■ PROMPT
Starting at the line below holding "then coeff p" and stopping at the line holding "with False assms show ?thesis", print every line exactly, both ends included, and leave the rest out.

Collected data
....................

(* Let $(P_n(x))_{n \ge 0}$ be a splitting sequence of a nice polynomial $P_0(x)$, with binary string $s_0 s_1 \ldots$, and suppose $s_{i-1} s_i s_{i+1} = LLS$ for some $i \in \mathbb{N}$. If $P_i(x)$ and $P_{i+2}(x)$ are both $k$-good for some $k \in \mathbb{N}$, then $P_i(x)$ is $(k+1)$-good.
   Context: $P \equiv Q \pmod{M}$ for $P,Q,M \in \mathbb{Z}[x]$ means $M$ divides $P-Q$ in $\mathbb{Z}[x]$. For $n \in \mathbb{N}_0$, $P \in \mathbb{Z}[x]$ is $n$-good if $P(x^{2^m}) \equiv P(x)^{2^m} \pmod{2^{m+1}}$ for every $m \in \{0,\dots,n\}$. A polynomial is nice if it is irreducible in $\mathbb{Z}[x]$ with leading and constant coefficients in $\{\pm 1\}$. Splitting sequence of an irreducible $P \in \mathbb{Z}[x]$: $(P_n)_{n \ge 0}$ with $P_0 = P$ such that for each $n$: if $P_n$ is irreducible, $P_{n+1}(x) = P_n(x^2)$; if $P_n$ is reducible, then (as $P_{n-1}$ is irreducible and $P_n(x) = P_{n-1}(x^2)$ factors as a product of exactly two irreducibles in $\mathbb{Z}[x]$) $P_{n+1}$ is one of these two factors. Its binary string has $s_n = L$ if $P_n$ is irreducible and $s_n = S$ otherwise. *)

theory Defs
  imports "HOL-Computational_Algebra.Polynomial_Factorial"
begin

definition poly_cong :: "int poly \<Rightarrow> int poly \<Rightarrow> int poly \<Rightarrow> bool" where
  "poly_cong P Q M \<longleftrightarrow> M dvd (P - Q)"

definition n_good :: "nat \<Rightarrow> int poly \<Rightarrow> bool" where
  "n_good n P \<longleftrightarrow> (\<forall>m\<in>{0..n}.
     poly_cong (pcompose P (monom 1 (2 ^ m))) (P ^ (2 ^ m)) [:2 ^ (m + 1):])"

definition nice :: "int poly \<Rightarrow> bool" where
  "nice P \<longleftrightarrow> irreducible P \<and> lead_coeff P \<in> {1, -1} \<and> coeff P 0 \<in> {1, -1}"

definition splitting_sequence :: "int poly \<Rightarrow> (nat \<Rightarrow> int poly) \<Rightarrow> bool" where
  "splitting_sequence P Ps \<longleftrightarrow> irreducible P \<and> Ps 0 = P \<and>
     (\<forall>n. (irreducible (Ps n) \<longrightarrow> Ps (Suc n) = pcompose (Ps n) [:0, 0, 1:]) \<and>
          (\<not> irreducible (Ps n) \<longrightarrow>
             (\<exists>Q R. irreducible Q \<and> irreducible R \<and> Ps n = Q * R \<and> Ps (Suc n) \<in> {Q, R})))"

datatype letter = L | S

definition binary_string :: "(nat \<Rightarrow> int poly) \<Rightarrow> nat \<Rightarrow> letter" where
  "binary_string Ps n = (if irreducible (Ps n) then L else S)"

end

theory Submission
  imports Defs
begin

text \<open>
  Let A = P_i and Q = P_(i+2). Since A is irreducible but A(x^2) is not, and 1-goodness forces
  A(0) = 1, the two factors of A(x^2) are Q(x) and Q(-x). Writing Q = E(x^2) + x O(x^2) gives
  A = E^2 - x O^2, whereas k-goodness of Q gives Q \<equiv> E^2 + x O^2 mod 2^(k+1). As A = P_(i-1)(x^2)
  is even, comparing odd parts yields O \<equiv> 2 (o0^2 + x o1^2) mod 2^(k+1), where
  O = o0(x^2) + x o1(x^2), and this congruence bootstraps to 2^(k+1) | O. Hence
  Q(-x) \<equiv> Q mod 2^(k+2) and A \<equiv> Q mod 2^(k+1), so A(x^2) = Q(x) Q(-x) \<equiv> Q^2 \<equiv> A^2 mod 2^(k+2),
  which is exactly what a k-good A lacks to be (k+1)-good.
\<close>

text \<open>The indeterminate gets a constant of its own so that \<open>algebra_simps\<close> treats it as an
  atom; the simplifier would rewrite \<open>[:0, 1:] * p\<close> to \<open>pCons 0 p\<close>.\<close>

definition poly_X :: "'a::comm_ring_1 poly" where
  "poly_X = [:0, 1:]"

definition sq_subst :: "'a::comm_ring_1 poly \<Rightarrow> 'a poly" where
  "sq_subst p = pcompose p [:0, 0, 1:]"

definition neg_subst :: "'a::comm_ring_1 poly \<Rightarrow> 'a poly" where
  "neg_subst p = pcompose p [:0, -1:]"

definition interleave :: "'a::comm_ring_1 poly \<Rightarrow> 'a poly \<Rightarrow> 'a poly" where
  "interleave F G = sq_subst F + poly_X * sq_subst G"

definition even_part :: "'a::comm_ring_1 poly \<Rightarrow> 'a poly" where
  "even_part p = Poly (map (\<lambda>n. coeff p (2 * n)) [0..<Suc (degree p)])"

definition odd_part :: "'a::comm_ring_1 poly \<Rightarrow> 'a poly" where
  "odd_part p = Poly (map (\<lambda>n. coeff p (2 * n + 1)) [0..<Suc (degree p)])"

lemma coeff_pcompose_monom:
  fixes p :: "'a::comm_ring_1 poly"
  assumes "K > 0"
  shows "coeff (pcompose p (monom 1 K)) n = (if K dvd n then coeff p (n div K) else 0)"
proof (induction p arbitrary: n)
  case (pCons a p)
  show ?case
  proof (cases "n < K")
    case True
    then show ?thesis using assms
      by (cases n) (auto simp: pcompose_pCons coeff_monom_mult dest: dvd_imp_le)
  next
    case False
    then have "K dvd n \<longleftrightarrow> K dvd n - K" and "n div K = Suc ((n - K) div K)"
      using assms by (auto simp: dvd_minus_self div_if)
    with False assms show ?thesis
      by (auto simp: pcompose_pCons coeff_monom_mult pCons.IH coeff_pCons split: nat.split)
  qed
qed simp

lemma pcompose_power: "pcompose (p ^ n) q = pcompose p q ^ n"
  for p q :: "'a::comm_semiring_1 poly"
  by (induction n) (simp_all add: pcompose_mult pcompose_1)

lemma pcompose_dvd_pcompose: "p dvd r \<Longrightarrow> pcompose p q dvd pcompose r q"
  for p q r :: "'a::comm_semiring_1 poly"
  by (auto simp: pcompose_mult)

lemma is_unit_pcompose: "p dvd 1 \<Longrightarrow> pcompose p q dvd 1"
  for p q :: "'a::comm_semiring_1 poly"
  using pcompose_dvd_pcompose[of p 1 q] by (simp add: pcompose_1)

lemma const_dvd_pcompose_monom_iff:
  fixes p :: "'a::idom poly"
  assumes "K > 0"
  shows "[:c:] dvd pcompose p (monom 1 K) \<longleftrightarrow> [:c:] dvd p"
proof
  assume "[:c:] dvd pcompose p (monom 1 K)"
  then have "c dvd coeff (pcompose p (monom 1 K)) (K * n)" for n
    by (simp add: const_poly_dvd_iff)
  then show "[:c:] dvd p"
    using assms by (simp add: const_poly_dvd_iff coeff_pcompose_monom)
qed (metis pcompose_const pcompose_dvd_pcompose)

section \<open>Even and odd parts\<close>

lemma monom_2_eq: "monom 1 2 = [:0, 0, 1:]"
  by (rule poly_eqI) (simp add: coeff_monom coeff_pCons split: nat.split)

lemma sq_subst_eq_pcompose_monom: "sq_subst p = pcompose p (monom 1 2)"
  by (simp add: sq_subst_def monom_2_eq)

lemma coeff_sq_subst: "coeff (sq_subst F) n = (if even n then coeff F (n div 2) else 0)"
  by (simp add: sq_subst_eq_pcompose_monom coeff_pcompose_monom)

lemma pcompose_sq_subst_monom:
  "pcompose (sq_subst p) (monom 1 K) = pcompose p (monom 1 (2 * K))"
proof -
  have "pcompose [:0, 0, 1:] (monom 1 K) = (monom 1 (2 * K) :: 'a poly)"
    by (simp add: pcompose_pCons mult_monom mult_2)
  then show ?thesis
    by (simp add: sq_subst_def pcompose_assoc[symmetric])
qed

lemma coeff_0_sq_subst: "coeff (sq_subst p) 0 = coeff p 0"
  by (simp add: sq_subst_def poly_pcompose flip: poly_0_coeff_0)

lemma sq_subst_mult: "sq_subst (p * q) = sq_subst p * sq_subst q"
  by (simp add: sq_subst_def pcompose_mult)

lemma sq_subst_add: "sq_subst (p + q) = sq_subst p + sq_subst q"
  by (simp add: sq_subst_def pcompose_add)

lemma sq_subst_diff: "sq_subst (p - q) = sq_subst p - sq_subst q"
  by (simp add: sq_subst_def pcompose_diff)

lemma sq_subst_poly_X: "sq_subst poly_X = poly_X * poly_X"
  by (simp add: sq_subst_def poly_X_def pcompose_pCons)

lemma coeff_interleave:
  "coeff (interleave F G) n = (if even n then coeff F (n div 2) else coeff G (n div 2))"
  by (cases n) (auto simp: interleave_def poly_X_def coeff_sq_subst)

lemma coeff_even_part: "coeff (even_part p) n = coeff p (2 * n)"
  by (auto simp: even_part_def nth_default_def coeff_eq_0 simp del: upt_Suc)

lemma coeff_odd_part: "coeff (odd_part p) n = coeff p (2 * n + 1)"
  by (auto simp: odd_part_def nth_default_def coeff_eq_0 simp del: upt_Suc)

lemma interleave_even_odd_part: "interleave (even_part p) (odd_part p) = p"
  by (rule poly_eqI) (auto simp: coeff_interleave coeff_even_part coeff_odd_part elim!: evenE oddE)

lemma interleave_eq_iff: "interleave F G = interleave F' G' \<longleftrightarrow> F = F' \<and> G = G'"
proof
  assume eq: "interleave F G = interleave F' G'"
  have "coeff F n = coeff F' n \<and> coeff G n = coeff G' n" for n
    using arg_cong[OF eq, of "\<lambda>p. coeff p (2 * n)"]
      arg_cong[OF eq, of "\<lambda>p. coeff p (2 * n + 1)"]
    by (simp add: coeff_interleave)
  then show "F = F' \<and> G = G'"
    by (auto intro: poly_eqI)
qed simp

lemma const_dvd_interleave_iff:
  fixes F G :: "'a::idom poly"
  shows "[:c:] dvd interleave F G \<longleftrightarrow> [:c:] dvd F \<and> [:c:] dvd G"
proof -
  have "(\<forall>n. c dvd coeff (interleave F G) n) \<longleftrightarrow>
      (\<forall>n. c dvd coeff F n) \<and> (\<forall>n. c dvd coeff G n)"
  proof (intro iffI conjI allI)
    fix n
    assume "\<forall>n. c dvd coeff (interleave F G) n"
    from this[rule_format, of "2 * n"] this[rule_format, of "2 * n + 1"]
    show "c dvd coeff F n" "c dvd coeff G n"
      by (simp_all add: coeff_interleave)
  qed (simp add: coeff_interleave)
  then show ?thesis
    by (simp add: const_poly_dvd_iff)
qed

lemma sq_subst_eq_interleave: "sq_subst F = interleave F 0"
  by (simp add: interleave_def sq_subst_def)

lemma poly_X_eq_interleave: "poly_X = interleave 0 1"
  by (simp add: interleave_def sq_subst_def pcompose_1)

lemma interleave_add: "interleave F G + interleave F' G' = interleave (F + F') (G + G')"
  by (simp add: interleave_def sq_subst_add algebra_simps)

lemma interleave_diff: "interleave F G - interleave F' G' = interleave (F - F') (G - G')"
  by (simp add: interleave_def sq_subst_diff algebra_simps)

lemma interleave_mult:
  "interleave F G * interleave F' G' = interleave (F * F' + poly_X * G * G') (F * G' + G * F')"
  by (simp add: interleave_def sq_subst_add sq_subst_mult sq_subst_poly_X algebra_simps)

lemma neg_subst_interleave: "neg_subst (interleave F G) = interleave F (- G)"
proof -
  have "pcompose (sq_subst F) [:0, -1:] = sq_subst F" for F :: "'a poly"
    by (simp add: sq_subst_def pcompose_assoc[symmetric] pcompose_pCons)
  then show ?thesis
    by (simp add: neg_subst_def interleave_def pcompose_add pcompose_mult poly_X_def
        pcompose_pCons sq_subst_def pcompose_uminus)
qed

lemma neg_subst_neg_subst: "neg_subst (neg_subst p) = p"
proof -
  have "pcompose [:0, -1:] [:0, -1:] = ([:0, 1:] :: 'a poly)"
    by (simp add: pcompose_pCons)
  then show ?thesis
    by (simp add: neg_subst_def pcompose_assoc[symmetric])
qed

lemma neg_subst_mult: "neg_subst (p * q) = neg_subst p * neg_subst q"
  by (simp add: neg_subst_def pcompose_mult)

....................

■ SOLUTION FOR THIS PROBLEM
  shows "coeff (pcompose p (monom 1 K)) n = (if K dvd n then coeff p (n div K) else 0)"
proof (induction p arbitrary: n)
  case (pCons a p)
  show ?case
  proof (cases "n < K")
    case True
    then show ?thesis using assms
      by (cases n) (auto simp: pcompose_pCons coeff_monom_mult dest: dvd_imp_le)
  next
    case False
    then have "K dvd n \<longleftrightarrow> K dvd n - K" and "n div K = Suc ((n - K) div K)"
      using assms by (auto simp: dvd_minus_self div_if)
    with False assms show ?thesis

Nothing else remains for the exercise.